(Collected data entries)
★ ★ ★ ★

lemma inj_on_truth_set_if_sz_minimal:
  assumes words: "\<forall>w \<in> P \<union> N. fst w @ snd w \<noteq> []"
    and \<phi>: "in_fragment Prop L \<phi>" "separating P N \<phi>"
    and minimal: "\<And>\<psi>. in_fragment Prop L \<psi> \<Longrightarrow> separating P N \<psi> \<Longrightarrow> sz \<phi> \<le> sz \<psi>"
  shows "inj_on (truth_set (P \<union> N)) (subformulas \<phi>)"
proof (rule inj_onI, rule ccontr)
  fix a' b' assume a'b': "a' \<in> subformulas \<phi>" "b' \<in> subformulas \<phi>"
    "truth_set (P \<union> N) a' = truth_set (P \<union> N) b'" "a' \<noteq> b'"
  have "a' \<notin> subformulas b' \<or> b' \<notin> subformulas a'"
    using size_subformula a'b'(4) by (metis less_asym)
  then obtain a b where ab: "a \<in> subformulas \<phi>" "b \<in> subformulas \<phi>"
    "truth_set (P \<union> N) a = truth_set (P \<union> N) b" "a \<notin> subformulas b"
    using a'b'(1-3) by metis
  let ?\<phi>' = "replace_subformula a b \<phi>"
  have "models w ?\<phi>' = models w \<phi>" if w: "w \<in> P \<union> N" for w
  proof -
    have "enat 0 < wlen (fst w) (snd w)"
      using words w by (auto simp: wlen_def)
    moreover have "\<forall>i. enat i < wlen (fst w) (snd w) \<longrightarrow>
        sat (fst w) (snd w) i a = sat (fst w) (snd w) i b"
      using sat_eq_if_truth_set_eq[OF ab(3) w] by blast
    ultimately show ?thesis
      unfolding models_def by (intro sat_replace_subformula)
  qed
  then have "separating P N ?\<phi>'"
    using \<phi>(2) unfolding separating_def by auto
  moreover have "in_fragment Prop L ?\<phi>'"
    using \<phi>(1) in_fragment_subformula[OF ab(2) \<phi>(1)] by (rule in_fragment_replace_subformula)
  ultimately have "sz \<phi> \<le> sz ?\<phi>'"
    by (rule minimal[rotated])
  then show False
    using sz_replace_subformula_less[OF ab(1,2,4)] by simp
qed

theorem corollary2:
  fixes Prop :: "'p set" and L :: "ltl_op set"
    and P N :: "('p set list \<times> 'p set list) set"
  assumes "Prop \<noteq> {}"
    and "finite P" and "finite N"
    and "\<forall>w \<in> P \<union> N. is_word Prop w"
    and "\<exists>\<phi>. in_fragment Prop L \<phi> \<and> separating P N \<phi>"
  shows "\<exists>\<phi>. in_fragment Prop L \<phi> \<and> separating P N \<phi> \<and>
           sz \<phi> \<le> 2 ^ (\<Sum>w \<in> P \<union> N. length (fst w) + length (snd w))"
proof -
  let ?sep = "\<lambda>\<phi>. in_fragment Prop L \<phi> \<and> separating P N \<phi>"
  obtain \<phi> where \<phi>: "?sep \<phi>" and minimal: "\<And>\<psi>. ?sep \<psi> \<Longrightarrow> sz \<phi> \<le> sz \<psi>"
    using assms(5) ex_has_least_nat[of ?sep _ sz] by blast
  have fin: "finite (sample_positions (P \<union> N))"
    using assms(2,3) by (simp add: sample_positions_def)
  have "inj_on (truth_set (P \<union> N)) (subformulas \<phi>)"
    using assms(4) \<phi> minimal by (intro inj_on_truth_set_if_sz_minimal) (auto simp: is_word_def)
  then have "sz \<phi> \<le> card (Pow (sample_positions (P \<union> N)))"
    unfolding sz_def by (rule card_inj_on_le) (auto simp: truth_set_def fin)
  then show ?thesis
    using \<phi> fin assms(2,3) by (auto simp: card_Pow card_sample_positions)
qed

end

★ ★ ★ ★

Which lines above contain the word "assms"? Copy each one.

- _Exercise response_
    using assms(5) ex_has_least_nat[of ?sep _ sz] by blast
    using assms(2,3) by (simp add: sample_positions_def)
    using assms(4) \<phi> minimal by (intro inj_on_truth_set_if_sz_minimal) (auto simp: is_word_def)
    using \<phi> fin assms(2,3) by (auto simp: card_Pow card_sample_positions)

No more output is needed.